Down to the last line, restate the listing below exactly.

··········

lemma (in prob_space) nn_integral_risk_ratio_boosted_le:
  fixes L E D :: "nat \<Rightarrow> 'a \<Rightarrow> real" and Z :: "'a \<Rightarrow> 'b" and B :: "'b \<Rightarrow> nat \<Rightarrow> real"
  assumes "0 \<le> \<alpha>"
    and L: "\<And>j. j \<in> {n+1..n+m} \<Longrightarrow> L j \<in> borel_measurable M"
    and E: "\<And>j. j \<in> {n+1..n+m} \<Longrightarrow> E j \<in> borel_measurable M"
    and LE: "\<And>j. j \<in> {n+1..n+m} \<Longrightarrow> (\<integral>\<^sup>+\<omega>. ennreal (L j \<omega> * E j \<omega>) \<partial>M) \<le> 1"
    and Z: "random_variable Q Z"
    and indep: "indep_set
      (sets (vimage_algebra (space M) (\<lambda>\<omega>. \<lambda>j\<in>{n+1..n+m}. (L j \<omega>, E j \<omega>)) (Pi\<^sub>M {n+1..n+m} (\<lambda>_. borel \<Otimes>\<^sub>M borel))))
      (sets (vimage_algebra (space M) Z Q))"
    and B: "\<And>j. j \<in> {1..m} \<Longrightarrow> (\<lambda>z. B z (n + j)) \<in> borel_measurable Q"
    and D: "\<And>\<omega> j. \<omega> \<in> space M \<Longrightarrow> j \<in> {1..m} \<Longrightarrow> D (n + j) \<omega> = B (Z \<omega>) (n + j)"
    and inner: "\<And>l e. (\<integral>\<^sup>+z. ennreal (risk_ratio n l (ebh_sel n m \<alpha> (\<lambda>k. e k / B z k))) \<partial>distr M Q Z)
      \<le> (\<Sum>j\<in>{1..m}. ennreal (\<alpha> * e (n + j) / real m * l (n + j)))"
  shows "(\<integral>\<^sup>+\<omega>. ennreal (risk_ratio n (\<lambda>j. L j \<omega>) (ebh_sel n m \<alpha> (\<lambda>j. E j \<omega> / D j \<omega>))) \<partial>M) \<le> ennreal \<alpha>"
proof -
  let ?S = "Pi\<^sub>M {n+1..n+m} (\<lambda>_. borel \<Otimes>\<^sub>M borel :: (real \<times> real) measure)"
  let ?X = "\<lambda>\<omega>. \<lambda>j\<in>{n+1..n+m}. (L j \<omega>, E j \<omega>)"
  define F where "F p = ennreal (risk_ratio n (\<lambda>k. fst (fst p k)) (ebh_sel n m \<alpha> (\<lambda>k. snd (fst p k) / B (snd p) k)))"
    for p :: "((nat \<Rightarrow> real \<times> real) \<times> 'b)"
  have X: "random_variable ?S ?X"
    using L E by (intro measurable_restrict) auto
  have F_measurable: "F \<in> borel_measurable (?S \<Otimes>\<^sub>M Q)"
  proof -
    have [measurable]: "(\<lambda>p. fst p (n + j)) \<in> measurable (?S \<Otimes>\<^sub>M Q) (borel \<Otimes>\<^sub>M borel)" if "j \<in> {1..m}" for j
      using that by (intro measurable_compose[OF measurable_fst measurable_component_singleton]) auto
    have "(\<lambda>p. risk_ratio n (\<lambda>k. fst (fst p k)) (ebh_sel n m \<alpha> (\<lambda>k. snd (fst p k) / B (snd p) k)))
        \<in> borel_measurable (?S \<Otimes>\<^sub>M Q)"
    proof (rule measurable_risk_ratio_ebh_sel)
      fix j assume j: "j \<in> {1..m}"
      note [measurable] = B[OF j]
      show "(\<lambda>p. snd (fst p (n + j)) / B (snd p) (n + j)) \<in> borel_measurable (?S \<Otimes>\<^sub>M Q)"
        using j by measurable
      show "(\<lambda>p. fst (fst p (n + j))) \<in> borel_measurable (?S \<Otimes>\<^sub>M Q)"
        using j by measurable
    qed
    then show ?thesis
      unfolding F_def by measurable
  qed
  have "(\<integral>\<^sup>+\<omega>. ennreal (risk_ratio n (\<lambda>j. L j \<omega>) (ebh_sel n m \<alpha> (\<lambda>j. E j \<omega> / D j \<omega>))) \<partial>M)
      = (\<integral>\<^sup>+\<omega>. F (?X \<omega>, Z \<omega>) \<partial>M)"
  proof (rule nn_integral_cong)
    fix \<omega> assume "\<omega> \<in> space M"
    then have sel: "ebh_sel n m \<alpha> (\<lambda>j. E j \<omega> / D j \<omega>) = ebh_sel n m \<alpha> (\<lambda>k. snd (?X \<omega> k) / B (Z \<omega>) k)"
      by (intro ebh_sel_cong) (simp add: D)
    have rr: "risk_ratio n (\<lambda>j. L j \<omega>) R = risk_ratio n (\<lambda>k. fst (?X \<omega> k)) R" if "R \<subseteq> {1..m}" for R
      using that by (intro risk_ratio_cong) auto
    show "ennreal (risk_ratio n (\<lambda>j. L j \<omega>) (ebh_sel n m \<alpha> (\<lambda>j. E j \<omega> / D j \<omega>))) = F (?X \<omega>, Z \<omega>)"
      by (simp only: F_def sel rr[OF ebh_sel_subset] fst_conv snd_conv)
  qed
  also have "\<dots> = (\<integral>\<^sup>+x. \<integral>\<^sup>+z. F (x, z) \<partial>distr M Q Z \<partial>distr M ?S ?X)"
    using X Z indep F_measurable by (rule nn_integral_indep_set_iterated)
  also have "\<dots> \<le> (\<integral>\<^sup>+x. (\<Sum>j\<in>{1..m}. ennreal (\<alpha> * snd (x (n + j)) / real m * fst (x (n + j)))) \<partial>distr M ?S ?X)"
    unfolding F_def fst_conv snd_conv by (intro nn_integral_mono inner)
  also have "\<dots> \<le> ennreal \<alpha>"
    using nn_integral_sum_scaled_products_le[OF assms(1) L E LE] by simp
  finally show ?thesis .
qed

··········

#### [Exercise answer]
lemma (in prob_space) nn_integral_risk_ratio_boosted_le:
  fixes L E D :: "nat \<Rightarrow> 'a \<Rightarrow> real" and Z :: "'a \<Rightarrow> 'b" and B :: "'b \<Rightarrow> nat \<Rightarrow> real"
  assumes "0 \<le> \<alpha>"
    and L: "\<And>j. j \<in> {n+1..n+m} \<Longrightarrow> L j \<in> borel_measurable M"
    and E: "\<And>j. j \<in> {n+1..n+m} \<Longrightarrow> E j \<in> borel_measurable M"
    and LE: "\<And>j. j \<in> {n+1..n+m} \<Longrightarrow> (\<integral>\<^sup>+\<omega>. ennreal (L j \<omega> * E j \<omega>) \<partial>M) \<le> 1"
    and Z: "random_variable Q Z"
    and indep: "indep_set
      (sets (vimage_algebra (space M) (\<lambda>\<omega>. \<lambda>j\<in>{n+1..n+m}. (L j \<omega>, E j \<omega>)) (Pi\<^sub>M {n+1..n+m} (\<lambda>_. borel \<Otimes>\<^sub>M borel))))
      (sets (vimage_algebra (space M) Z Q))"
    and B: "\<And>j. j \<in> {1..m} \<Longrightarrow> (\<lambda>z. B z (n + j)) \<in> borel_measurable Q"
    and D: "\<And>\<omega> j. \<omega> \<in> space M \<Longrightarrow> j \<in> {1..m} \<Longrightarrow> D (n + j) \<omega> = B (Z \<omega>) (n + j)"
    and inner: "\<And>l e. (\<integral>\<^sup>+z. ennreal (risk_ratio n l (ebh_sel n m \<alpha> (\<lambda>k. e k / B z k))) \<partial>distr M Q Z)
      \<le> (\<Sum>j\<in>{1..m}. ennreal (\<alpha> * e (n + j) / real m * l (n + j)))"
  shows "(\<integral>\<^sup>+\<omega>. ennreal (risk_ratio n (\<lambda>j. L j \<omega>) (ebh_sel n m \<alpha> (\<lambda>j. E j \<omega> / D j \<omega>))) \<partial>M) \<le> ennreal \<alpha>"
proof -
  let ?S = "Pi\<^sub>M {n+1..n+m} (\<lambda>_. borel \<Otimes>\<^sub>M borel :: (real \<times> real) measure)"
  let ?X = "\<lambda>\<omega>. \<lambda>j\<in>{n+1..n+m}. (L j \<omega>, E j \<omega>)"
  define F where "F p = ennreal (risk_ratio n (\<lambda>k. fst (fst p k)) (ebh_sel n m \<alpha> (\<lambda>k. snd (fst p k) / B (snd p) k)))"
    for p :: "((nat \<Rightarrow> real \<times> real) \<times> 'b)"
  have X: "random_variable ?S ?X"
    using L E by (intro measurable_restrict) auto
  have F_measurable: "F \<in> borel_measurable (?S \<Otimes>\<^sub>M Q)"
  proof -
    have [measurable]: "(\<lambda>p. fst p (n + j)) \<in> measurable (?S \<Otimes>\<^sub>M Q) (borel \<Otimes>\<^sub>M borel)" if "j \<in> {1..m}" for j
      using that by (intro measurable_compose[OF measurable_fst measurable_component_singleton]) auto
    have "(\<lambda>p. risk_ratio n (\<lambda>k. fst (fst p k)) (ebh_sel n m \<alpha> (\<lambda>k. snd (fst p k) / B (snd p) k)))
        \<in> borel_measurable (?S \<Otimes>\<^sub>M Q)"
    proof (rule measurable_risk_ratio_ebh_sel)
      fix j assume j: "j \<in> {1..m}"
      note [measurable] = B[OF j]
      show "(\<lambda>p. snd (fst p (n + j)) / B (snd p) (n + j)) \<in> borel_measurable (?S \<Otimes>\<^sub>M Q)"
        using j by measurable
      show "(\<lambda>p. fst (fst p (n + j))) \<in> borel_measurable (?S \<Otimes>\<^sub>M Q)"
        using j by measurable
    qed
    then show ?thesis
      unfolding F_def by measurable
  qed
  have "(\<integral>\<^sup>+\<omega>. ennreal (risk_ratio n (\<lambda>j. L j \<omega>) (ebh_sel n m \<alpha> (\<lambda>j. E j \<omega> / D j \<omega>))) \<partial>M)
      = (\<integral>\<^sup>+\<omega>. F (?X \<omega>, Z \<omega>) \<partial>M)"
  proof (rule nn_integral_cong)
    fix \<omega> assume "\<omega> \<in> space M"
    then have sel: "ebh_sel n m \<alpha> (\<lambda>j. E j \<omega> / D j \<omega>) = ebh_sel n m \<alpha> (\<lambda>k. snd (?X \<omega> k) / B (Z \<omega>) k)"
      by (intro ebh_sel_cong) (simp add: D)
    have rr: "risk_ratio n (\<lambda>j. L j \<omega>) R = risk_ratio n (\<lambda>k. fst (?X \<omega> k)) R" if "R \<subseteq> {1..m}" for R
      using that by (intro risk_ratio_cong) auto
    show "ennreal (risk_ratio n (\<lambda>j. L j \<omega>) (ebh_sel n m \<alpha> (\<lambda>j. E j \<omega> / D j \<omega>))) = F (?X \<omega>, Z \<omega>)"
      by (simp only: F_def sel rr[OF ebh_sel_subset] fst_conv snd_conv)
  qed
  also have "\<dots> = (\<integral>\<^sup>+x. \<integral>\<^sup>+z. F (x, z) \<partial>distr M Q Z \<partial>distr M ?S ?X)"
    using X Z indep F_measurable by (rule nn_integral_indep_set_iterated)
  also have "\<dots> \<le> (\<integral>\<^sup>+x. (\<Sum>j\<in>{1..m}. ennreal (\<alpha> * snd (x (n + j)) / real m * fst (x (n + j)))) \<partial>distr M ?S ?X)"
    unfolding F_def fst_conv snd_conv by (intro nn_integral_mono inner)
  also have "\<dots> \<le> ennreal \<alpha>"
    using nn_integral_sum_scaled_products_le[OF assms(1) L E LE] by simp
  finally show ?thesis .
qed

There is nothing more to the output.